++++ SOURCE MATERIAL ++++
lemma cyc_succ_induct [case_names first succ]:
  assumes "P (e 0)" and "\<And>j. P j \<Longrightarrow> P (cyc_succ e j)"
  shows "P j"
proof -
  have "k < CARD('n) \<Longrightarrow> P (e k)" for k
  proof (induction k)
    case (Suc k)
    then have "P (cyc_succ e (e k))" using assms(2) by simp
    with Suc.prems show ?case by (simp add: cyc_succ_enum_Suc)
  qed (use assms(1) in simp)
  moreover obtain k where "k < CARD('n)" "e k = j" using enum_surj by blast
  ultimately show ?thesis by blast
qed

end

locale chair_lattice = cyclic_enumeration e for e :: "nat \<Rightarrow> 'n::finite" +
  fixes L K :: "real^'n"
  assumes K_pos: "0 < K $ i" and K_less_L: "K $ i < L $ i"
begin

abbreviation lattice_point :: "('n \<Rightarrow> int) \<Rightarrow> real^'n" where
  "lattice_point c \<equiv> \<Sum>i\<in>UNIV. of_int (c i) *\<^sub>R G_row e L K i"

lemma G_row_combination_nth:
  "(\<Sum>i\<in>UNIV. u i *\<^sub>R G_row e L K i) $ cyc_succ e j
     = u (cyc_succ e j) * L $ cyc_succ e j - u j * K $ cyc_succ e j"
proof -
  let ?s = "cyc_succ e j"
  have "u i * G_row e L K i $ ?s
      = (if i = ?s then u ?s * L $ ?s else 0) + (if i = j then - u j * K $ ?s else 0)" for i
    using cyc_succ_neq[of j] bij_cyc_succ by (auto simp: G_row_def bij_def inj_eq)
  then show ?thesis by (simp add: sum.distrib)
qed

lemma inj_G_row: "inj (G_row e L K)"
proof (rule injI, rule ccontr)
  fix i i' assume eq: "G_row e L K i = G_row e L K i'" and "i \<noteq> i'"
  then have "G_row e L K i' $ i \<in> {0, - K $ i}" by (simp add: G_row_def)
  moreover have "G_row e L K i $ i = L $ i" by (simp add: G_row_def)
  ultimately show False using eq K_pos[of i] K_less_L[of i] by auto
qed

lemma independent_G_rows: "independent (range (G_row e L K))"
proof (rule real_vector.independent_if_scalars_zero)
  fix f x
  assume zero: "(\<Sum>x\<in>range (G_row e L K). f x *\<^sub>R x) = 0" and x: "x \<in> range (G_row e L K)"
  define u where "u i = f (G_row e L K i)" for i
  have "(\<Sum>i\<in>UNIV. u i *\<^sub>R G_row e L K i) = 0"
    using zero sum.reindex[OF inj_G_row, of "\<lambda>x. f x *\<^sub>R x"] by (simp add: u_def o_def)
  then have "u (cyc_succ e j) * L $ cyc_succ e j = u j * K $ cyc_succ e j" for j
    using G_row_combination_nth[of u j] by simp
  then have rel: "\<bar>u (cyc_succ e j)\<bar> * L $ cyc_succ e j = \<bar>u j\<bar> * K $ cyc_succ e j" for j
    using K_pos[of "cyc_succ e j"] K_less_L[of "cyc_succ e j"] by (metis abs_mult abs_of_pos less_trans)
  have "\<bar>u (cyc_succ e j)\<bar> \<le> \<bar>u j\<bar>" for j
  proof -
    let ?s = "cyc_succ e j"
    have "\<bar>u ?s\<bar> * L $ ?s \<le> \<bar>u j\<bar> * L $ ?s"
      using rel[of j] mult_left_mono[OF less_imp_le[OF K_less_L[of ?s]], of "\<bar>u j\<bar>"] by simp
    then show ?thesis using K_pos[of ?s] K_less_L[of ?s] by simp
  qed
  then have "\<bar>u (cyc_succ e j)\<bar> = \<bar>u j\<bar>" for j
    by (rule eq_if_le_along_bij[OF bij_cyc_succ])
  then have "\<bar>u j\<bar> * L $ cyc_succ e j = \<bar>u j\<bar> * K $ cyc_succ e j" for j
    using rel[of j] by simp
  then have "u j = 0" for j
    using K_less_L[of "cyc_succ e j"] by (metis abs_eq_0 less_irrefl mult_cancel_left)
  then show "f x = 0" using x by (auto simp: u_def)
qed simp

lemma chair_nth_bounds:
  assumes "x \<in> chair L K"
  shows "0 \<le> x $ j" "x $ j < L $ j"
  using assms by (auto simp: chair_def)

lemma lattice_point_diff_nth:
  fixes z :: "real^'n" and c c' :: "'n \<Rightarrow> int"
  shows "(z - lattice_point c) $ cyc_succ e j - (z - lattice_point c') $ cyc_succ e j
     = of_int (c' (cyc_succ e j) - c (cyc_succ e j)) * L $ cyc_succ e j
       - of_int (c' j - c j) * K $ cyc_succ e j"
proof -
  have "(z - lattice_point c) $ cyc_succ e j - (z - lattice_point c') $ cyc_succ e j
      = lattice_point c' $ cyc_succ e j - lattice_point c $ cyc_succ e j"
    by simp
  also have "\<dots> = of_int (c' (cyc_succ e j)) * L $ cyc_succ e j - of_int (c' j) * K $ cyc_succ e j
      - (of_int (c (cyc_succ e j)) * L $ cyc_succ e j - of_int (c j) * K $ cyc_succ e j)"
    by (simp only: G_row_combination_nth)
  finally show ?thesis by (simp add: algebra_simps)
qed
lemma right_of_zero_bounds:
  assumes r0: "r0 \<in> {R1..R2}" and zero: "u r0 = 0" "W r0 = 0"
  obtains d K where "0 < d"
    "\<And>x. x \<in> {R1..R2} \<Longrightarrow> r0 < x \<Longrightarrow> x < r0 + d \<Longrightarrow> 0 \<le> u x \<and> 0 \<le> u' x \<and> u' x \<le> K * u x"
proof -
  define q where "q = p - 1"
  have q: "0 < q" using p_gt_1 by (simp add: q_def)
  obtain d where d: "0 < d"
    and w': "\<And>t. R1 < t \<Longrightarrow> t < R2 \<Longrightarrow> dist t r0 < d \<Longrightarrow>
      0 \<le> w' t \<and> w' t \<le> C * t ^ (N - 1) * \<bar>u t\<bar> powr q"
    and u'_nonneg: "\<And>x. x \<in> {R1..R2} \<Longrightarrow> r0 < x \<Longrightarrow> x < r0 + d \<Longrightarrow> 0 \<le> u' x"
    and u_between: "\<And>t x. x \<in> {R1..R2} \<Longrightarrow> r0 \<le> t \<Longrightarrow> t \<le> x \<Longrightarrow> x < r0 + d \<Longrightarrow>
      0 \<le> u t \<and> u t \<le> u x"
    using increasing_right_of_zero[OF assms] unfolding q_def by blast
  define K where "K = (d * C) powr (1 / q)"
  have "0 \<le> u x \<and> 0 \<le> u' x \<and> u' x \<le> K * u x"
    if x: "x \<in> {R1..R2}" "r0 < x" "x < r0 + d" for x
  proof -
    have x_pos: "0 < x ^ (N - 1)" using x r0 R1_nonneg by simp
    have "W x - W r0 \<le> (x - r0) * (C * x ^ (N - 1) * u x powr q)"
    proof (rule increment_le_if_deriv_le[OF _ W_cont_sub W_deriv])
      fix t assume t: "r0 < t" "t < x"
      then have "0 \<le> u t" "u t \<le> u x" using u_between[of x t] x by auto
      moreover have "0 \<le> t ^ (N - 1)" "t ^ (N - 1) \<le> x ^ (N - 1)"
        using t r0 R1_nonneg by (auto intro: power_mono)
      ultimately have "C * t ^ (N - 1) * \<bar>u t\<bar> powr q \<le> C * x ^ (N - 1) * u x powr q"
        using C_nonneg q by (auto intro!: mult_mono powr_mono2)
      then show "w' t \<le> C * x ^ (N - 1) * u x powr q"
        using w'[of t] t x r0 by (force simp: dist_real_def)
    qed (use x r0 in auto)
    also have "\<dots> \<le> d * (C * x ^ (N - 1) * u x powr q)"
      using x x_pos C_nonneg by (intro mult_right_mono) auto
    also have "\<dots> = x ^ (N - 1) * (d * C * u x powr q)"
      by (simp add: algebra_simps)
    finally have "W x \<le> x ^ (N - 1) * (d * C * u x powr q)"
      using zero(2) by simp
    then have "x ^ (N - 1) * u' x powr q \<le> x ^ (N - 1) * (d * C * u x powr q)"
      using u'_nonneg[OF x] by (simp add: W_def phi_p_nonneg_eq q_def)
    then have "u' x powr q \<le> d * C * u x powr q"
      using x_pos by simp
    then have "u' x \<le> K * u x"
      unfolding K_def using le_root_mult_if_powr_le q u'_nonneg[OF x] u_between[of x x] x d C_nonneg
      by auto
    then show ?thesis using u'_nonneg[OF x] u_between[of x x] x by auto
  qed
  then show thesis using that d by blast
qed

lemma decreasing_left_of_zero:
  assumes r0: "r0 \<in> {R1..R2}" "R1 < r0" and zero: "u r0 = 0" "W r0 = 0"
  obtains d where "0 < d" "d \<le> r0 / 2"
    "\<And>t. R1 < t \<Longrightarrow> t < R2 \<Longrightarrow> dist t r0 < d \<Longrightarrow>
       0 \<le> w' t \<and> w' t \<le> C * t ^ (N - 1) * \<bar>u t\<bar> powr (p - 1)"
    "\<And>x. x \<in> {R1..R2} \<Longrightarrow> r0 - d < x \<Longrightarrow> x < r0 \<Longrightarrow> u' x \<le> 0"
    "\<And>t x. x \<in> {R1..R2} \<Longrightarrow> r0 - d < x \<Longrightarrow> x \<le> t \<Longrightarrow> t \<le> r0 \<Longrightarrow> 0 \<le> u t \<and> u t \<le> u x"
proof -
  have r0_pos: "0 < r0" using r0 R1_nonneg by auto
  obtain d0 where d0: "0 < d0" and w': "\<And>t. R1 < t \<Longrightarrow> t < R2 \<Longrightarrow> dist t r0 < d0 \<Longrightarrow>
      0 \<le> w' t \<and> w' t \<le> C * t ^ (N - 1) * \<bar>u t\<bar> powr (p - 1)"
    using w'_bounds_near_zero[OF r0(1) zero(1)] by blast
  define d where "d = min d0 (r0 / 2)"
  have d: "0 < d" "d \<le> d0" "d \<le> r0 / 2" using d0 r0_pos by (auto simp: d_def)
  have u'_nonpos: "u' x \<le> 0" if x: "x \<in> {R1..R2}" "r0 - d < x" "x < r0" for x
  proof -
    have "0 < x ^ (N - 1)" using x d r0_pos by simp
    moreover have "W x \<le> 0"
      using W_mono[of x r0] x r0 w' d zero(2) by (force simp: dist_real_def)
    ultimately show ?thesis
      by (simp add: W_def mult_le_0_iff phi_p_nonpos_iff)
  qed
  have "0 \<le> u t \<and> u t \<le> u x"
    if x: "x \<in> {R1..R2}" "r0 - d < x" "x \<le> t" "t \<le> r0" for t x
    using u_antimono[of t r0] u_antimono[of x t] u'_nonpos zero x r0 by auto
  with that d w' u'_nonpos show thesis
    by (auto simp: dist_real_def)
qed

lemma left_of_zero_bounds:
  assumes r0: "r0 \<in> {R1..R2}" and zero: "u r0 = 0" "W r0 = 0"
  obtains d K where "0 < d"
    "\<And>x. x \<in> {R1..R2} \<Longrightarrow> r0 - d < x \<Longrightarrow> x < r0 \<Longrightarrow> 0 \<le> u x \<and> u' x \<le> 0 \<and> - u' x \<le> K * u x"
proof (cases "r0 = R1")
  case True
  then show thesis using that[of 1] by auto
next
  case False
  then have "R1 < r0" using r0 by auto
  define q where "q = p - 1"
  have q: "0 < q" using p_gt_1 by (simp add: q_def)
  obtain d where d: "0 < d" "d \<le> r0 / 2"
    and w': "\<And>t. R1 < t \<Longrightarrow> t < R2 \<Longrightarrow> dist t r0 < d \<Longrightarrow>
      0 \<le> w' t \<and> w' t \<le> C * t ^ (N - 1) * \<bar>u t\<bar> powr q"
    and u'_nonpos: "\<And>x. x \<in> {R1..R2} \<Longrightarrow> r0 - d < x \<Longrightarrow> x < r0 \<Longrightarrow> u' x \<le> 0"
    and u_between: "\<And>t x. x \<in> {R1..R2} \<Longrightarrow> r0 - d < x \<Longrightarrow> x \<le> t \<Longrightarrow> t \<le> r0 \<Longrightarrow>
      0 \<le> u t \<and> u t \<le> u x"
    using decreasing_left_of_zero[OF r0 \<open>R1 < r0\<close> zero] unfolding q_def by blast
  define K where "K = (2 ^ (N - 1) * d * C) powr (1 / q)"
  have "0 \<le> u x \<and> u' x \<le> 0 \<and> - u' x \<le> K * u x"
    if x: "x \<in> {R1..R2}" "r0 - d < x" "x < r0" for x
  proof -
    have x_pos: "0 < x ^ (N - 1)" using x d by simp
    have "W r0 - W x \<le> (r0 - x) * (C * r0 ^ (N - 1) * u x powr q)"
    proof (rule increment_le_if_deriv_le[OF _ W_cont_sub W_deriv])
      fix t assume t: "x < t" "t < r0"
      then have "0 \<le> u t" "u t \<le> u x" using u_between[of x t] x by auto
      moreover have "0 \<le> t ^ (N - 1)" "t ^ (N - 1) \<le> r0 ^ (N - 1)"
        using t x R1_nonneg by (auto intro: power_mono)
      ultimately have "C * t ^ (N - 1) * \<bar>u t\<bar> powr q \<le> C * r0 ^ (N - 1) * u x powr q"
        using C_nonneg q by (auto intro!: mult_mono powr_mono2)
      then show "w' t \<le> C * r0 ^ (N - 1) * u x powr q"
        using w'[of t] t x r0 by (force simp: dist_real_def)
    qed (use x r0 in auto)
    also have "\<dots> \<le> d * (C * (2 ^ (N - 1) * x ^ (N - 1)) * u x powr q)"
    proof (intro mult_mono mult_right_mono mult_left_mono)
      \<comment> \<open>\<open>x > r0 - d \<ge> r0/2\<close> keeps the weight \<open>r0^(N-1)\<close> within a factor \<open>2^(N-1)\<close> of \<open>x^(N-1)\<close>.\<close>
      have "r0 ^ (N - 1) \<le> (2 * x) ^ (N - 1)"
        using x d r0 by (intro power_mono) auto
      then show "r0 ^ (N - 1) \<le> 2 ^ (N - 1) * x ^ (N - 1)"
        by (simp add: power_mult_distrib)
    qed (use x d r0 C_nonneg in auto)
    also have "\<dots> = x ^ (N - 1) * (2 ^ (N - 1) * d * C * u x powr q)"
      by (simp add: algebra_simps)
    finally have "- W x \<le> x ^ (N - 1) * (2 ^ (N - 1) * d * C * u x powr q)"
      using zero(2) by simp
    then have "x ^ (N - 1) * (- u' x) powr q \<le> x ^ (N - 1) * (2 ^ (N - 1) * d * C * u x powr q)"
      using u'_nonpos[OF x] by (simp add: W_def phi_p_nonpos_eq q_def)
    then have "(- u' x) powr q \<le> 2 ^ (N - 1) * d * C * u x powr q"
      using x_pos by simp
    then have "- u' x \<le> K * u x"
      unfolding K_def using le_root_mult_if_powr_le q u'_nonpos[OF x] u_between[of x x] x d C_nonneg
      by auto
    then show ?thesis using u'_nonpos[OF x] u_between[of x x] x by auto
  qed
  then show thesis using that d by blast
qed
definition rho :: "nat \<Rightarrow> (nat \<Rightarrow> int) \<Rightarrow> nat \<Rightarrow> int" where
  "rho \<kappa> s k = (\<Sum>a\<in>{k..\<kappa>}. s a)"

end

(*
  For p <= kappa let T^(p)(u) be the leading p x p block of T(u); tinv p t computes the entries of
  its inverse.  We show t'^(p)_ii(u) xi = lambda^(p)_i(u) xi by induction on p >= i, where
  lambda^(p)_i is the weight of the theorem with kappa replaced by p.

  For p = i the i-th column of T^(i)(u)^-1 applied to xi is lambda_i(u)^-1 xi e_i, since the t_ai(u)
  with a < i kill xi.  For the step to n = p + 1 put y_b(u) = t'^(p)_bi(u) xi, z_b(u) = y_b(u + s_n) and
      Y_b = lambda_n(u)^-1 t_nn(u + s_n) z_b  (b <= p),     Y_n = - lambda_n(u)^-1 sum_b t_nb(u + s_n) z_b.
  The defining relations at v = u + s_n, where u - v = -s_n cancels the sign (-1)^|n| = s_n, and the
  fact that all t_an(u) with a <= p kill the z_b show that T^(n)(u) Y = e_i xi.  The solution of this
  system is unique, so t'^(n)_ii(u) xi = Y_i = lambda_n(u)^-1 lambda^(p)_i(u + s_n) lambda_n(u + s_n) xi,
  which is the recursion satisfied by lambda^(n)_i.
*)

theory Submission
  imports Defs
begin

unbundle fps_syntax

lemma sum_atMost_if_add_eq:
  fixes q N M :: nat and F :: "nat \<Rightarrow> 'a::comm_monoid_add"
  shows "(\<Sum>m\<le>M. if q + m = N then F m else 0) = (if q \<le> N \<and> N - q \<le> M then F (N - q) else 0)"
proof -
  have "(\<Sum>m\<le>M. if q + m = N then F m else 0) = (\<Sum>m\<le>M. if m = N - q then (if q \<le> N then F m else 0) else 0)"
    by (intro sum.cong) auto
  then show ?thesis
    by simp
qed

lemma sum_atMost_if_add_eq_left:
  fixes m N :: nat and F :: "nat \<Rightarrow> 'a::comm_monoid_add"
  assumes "m \<le> N"
  shows "(\<Sum>k\<le>N. if k + m = N then F k else 0) = F (N - m)"
  using sum_atMost_if_add_eq[where q = m and M = N and N = N and F = F] assms by (simp add: add.commute)

lemma sum_atMost_if_le:
  fixes N M :: nat and F :: "nat \<Rightarrow> 'a::comm_monoid_add"
  assumes "N \<le> M"
  shows "(\<Sum>q\<le>M. if q \<le> N then F q else 0) = (\<Sum>q\<le>N. F q)"
proof -
  have "{q \<in> {..M}. q \<le> N} = {..N}"
    using assms by auto
  then show ?thesis
    by (simp flip: sum.inter_filter)
qed

lemma sum_rotate3:
  "(\<Sum>a\<in>A. \<Sum>b\<in>B. \<Sum>c\<in>C. f a b c) = (\<Sum>b\<in>B. \<Sum>c\<in>C. \<Sum>a\<in>A. f a b c)"
  by (subst sum.swap) (simp only: sum.swap[of _ A])

lemma sum_atMost_Suc_shift_vanishing:
  fixes g :: "nat \<Rightarrow> 'a::comm_monoid_add"
  assumes "g 0 = 0" and "g (Suc N) = 0"
  shows "(\<Sum>r\<le>N. g (Suc r)) = (\<Sum>r\<le>N. g r)"
  using sum.atMost_Suc_shift[of g N] sum.atMost_Suc[of g N] assms by simp

lemma sum_lessThan_min_Suc_diff:
  fixes h :: "nat \<Rightarrow> nat \<Rightarrow> 'a::ab_group_add"
  assumes antisym: "\<And>e f. h e f = - h f e" and diag: "\<And>e. h e e = 0"
  shows "(\<Sum>e<min (Suc r) q. h e (r + q - e)) - (\<Sum>e<min r (Suc q). h e (r + q - e)) = h r q"
proof -
  consider "r < q" | "r = q" | "q < r"
    by linarith
  then show ?thesis
  proof cases
    case 1
    then show ?thesis
      by (simp add: min_def)
  next
    case 2
    then show ?thesis
      by (simp add: diag)
  next
    case 3
    then have "min (Suc r) q = q" and "min r (Suc q) = Suc q"
      by simp_all
    then show ?thesis
      using antisym[of q r] by simp
  qed
qed

section \<open>Shifting the argument of a power series\<close>

definition shift_subst :: "'a::field \<Rightarrow> 'a fps" where
  "shift_subst c = fps_X * inverse (1 + fps_const c * fps_X)"

lemma fps_shift_arg_conv_compose: "fps_shift_arg c f = f oo shift_subst c"
  by (simp add: fps_shift_arg_def shift_subst_def)

lemma shift_subst_nth_0 [simp]: "shift_subst c $ 0 = 0"
  by (simp add: shift_subst_def)

lemma shift_subst_zero: "shift_subst 0 = fps_X"
  by (simp add: shift_subst_def)

lemma shift_subst_mult_denominator: "shift_subst c * (1 + fps_const c * fps_X) = fps_X"
  by (simp add: shift_subst_def mult.assoc inverse_mult_eq_1)

lemma shift_subst_unique:
  assumes "g * (1 + fps_const c * fps_X) = fps_X"
  shows "g = shift_subst c"
proof -
  have "g = g * (1 + fps_const c * fps_X) * inverse (1 + fps_const c * fps_X)"
    by (simp add: mult.assoc inverse_mult_eq_1')
  then show ?thesis
    by (simp add: assms shift_subst_def)
qed

lemma shift_subst_minus_X: "shift_subst c - fps_X = - (fps_const c * fps_X * shift_subst c)"
proof -
  have "shift_subst c - fps_X = shift_subst c - shift_subst c * (1 + fps_const c * fps_X)"
    by (simp only: shift_subst_mult_denominator)
  then show ?thesis
    by (simp add: algebra_simps)
qed

lemma shift_subst_compose: "shift_subst d oo shift_subst c = shift_subst (c + d)"
proof (rule shift_subst_unique)
  let ?g = "shift_subst d oo shift_subst c"
  have g: "?g * (1 + fps_const d * shift_subst c) = shift_subst c"
    using arg_cong[OF shift_subst_mult_denominator[of d], of "\<lambda>f. f oo shift_subst c"]
    by (simp add: fps_compose_mult_distrib fps_compose_add_distrib)
  have "1 + fps_const (c + d) * fps_X = 1 + fps_const c * fps_X + fps_const d * fps_X"
    by (simp add: algebra_simps flip: fps_const_add)
  also have "\<dots> = 1 + fps_const c * fps_X + fps_const d * (shift_subst c * (1 + fps_const c * fps_X))"
    by (simp only: shift_subst_mult_denominator)
  also have "\<dots> = (1 + fps_const d * shift_subst c) * (1 + fps_const c * fps_X)"
    by (simp add: algebra_simps)
  finally show "?g * (1 + fps_const (c + d) * fps_X) = fps_X"
    by (simp add: g shift_subst_mult_denominator flip: mult.assoc)
qed

lemma power_shift_subst_nth_less: "n < q \<Longrightarrow> (shift_subst c ^ q) $ n = 0"
  by (simp add: shift_subst_def power_mult_distrib fps_X_power_mult_nth)

lemma fps_shift_arg_zero: "fps_shift_arg 0 f = f"
  by (simp add: fps_shift_arg_conv_compose shift_subst_zero)

lemma fps_shift_arg_nth_0 [simp]: "fps_shift_arg c f $ 0 = f $ 0"
  by (simp add: fps_shift_arg_conv_compose)

lemma fps_shift_arg_mult: "fps_shift_arg c (f * g) = fps_shift_arg c f * fps_shift_arg c g"
  by (simp add: fps_shift_arg_conv_compose fps_compose_mult_distrib)

lemma fps_shift_arg_prod: "fps_shift_arg c (prod f S) = (\<Prod>k\<in>S. fps_shift_arg c (f k))"
  by (simp add: fps_shift_arg_conv_compose fps_compose_prod_distrib)

lemma fps_shift_arg_inverse:
  "f $ 0 \<noteq> 0 \<Longrightarrow> fps_shift_arg c (inverse f) = inverse (fps_shift_arg c f)"
  by (simp add: fps_shift_arg_conv_compose fps_inverse_compose)

lemma fps_shift_arg_shift_arg: "fps_shift_arg c (fps_shift_arg d f) = fps_shift_arg (c + d) f"
  by (simp add: fps_shift_arg_conv_compose fps_compose_assoc[symmetric] shift_subst_compose)

lemma fps_mult_nth_box:
  assumes "N \<le> M"
  shows "(f * g) $ N = (\<Sum>a\<le>M. \<Sum>b\<le>M. if a + b = N then f $ a * g $ b else 0)"
proof -
  have "(\<Sum>a\<le>M. \<Sum>b\<le>M. if a + b = N then f $ a * g $ b else 0)
      = (\<Sum>a\<le>M. if a \<le> N then f $ a * g $ (N - a) else 0)"
    using assms by (intro sum.cong) (auto simp: sum_atMost_if_add_eq)
  then show ?thesis
    using assms by (simp add: sum_atMost_if_le fps_mult_nth atLeast0AtMost)
qed

section \<open>Series with coefficients in a vector space\<close>

locale complex_vector_space = vector_space scale for scale :: "complex \<Rightarrow> 'v::ab_group_add \<Rightarrow> 'v"
begin

sublocale vector_space_pair scale scale ..

text \<open>A series \<open>y :: nat \<Rightarrow> 'v\<close> stands for \<open>\<Sum>N. y N u^-N\<close> and an operator series \<open>A\<close> for
  \<open>\<Sum>q. A q u^-q\<close>; \<open>series_apply A y\<close> is \<open>A(u) y(u)\<close> and \<open>shift_series c y\<close> is \<open>y(u + c)\<close>.\<close>

definition series_apply :: "(nat \<Rightarrow> 'v \<Rightarrow> 'v) \<Rightarrow> (nat \<Rightarrow> 'v) \<Rightarrow> nat \<Rightarrow> 'v" where
  "series_apply A y N = (\<Sum>q\<le>N. A q (y (N - q)))"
++++
TASK DIRECTIONS >> Take the lines from the top of the data through the one that contains "i) $ cyc_succ e j" and copy them exactly, leaving out every line after it.

SOLUTION >>
lemma cyc_succ_induct [case_names first succ]:
  assumes "P (e 0)" and "\<And>j. P j \<Longrightarrow> P (cyc_succ e j)"
  shows "P j"
proof -
  have "k < CARD('n) \<Longrightarrow> P (e k)" for k
  proof (induction k)
    case (Suc k)
    then have "P (cyc_succ e (e k))" using assms(2) by simp
    with Suc.prems show ?case by (simp add: cyc_succ_enum_Suc)
  qed (use assms(1) in simp)
  moreover obtain k where "k < CARD('n)" "e k = j" using enum_surj by blast
  ultimately show ?thesis by blast
qed

end

locale chair_lattice = cyclic_enumeration e for e :: "nat \<Rightarrow> 'n::finite" +
  fixes L K :: "real^'n"
  assumes K_pos: "0 < K $ i" and K_less_L: "K $ i < L $ i"
begin

abbreviation lattice_point :: "('n \<Rightarrow> int) \<Rightarrow> real^'n" where
  "lattice_point c \<equiv> \<Sum>i\<in>UNIV. of_int (c i) *\<^sub>R G_row e L K i"

lemma G_row_combination_nth:
  "(\<Sum>i\<in>UNIV. u i *\<^sub>R G_row e L K i) $ cyc_succ e j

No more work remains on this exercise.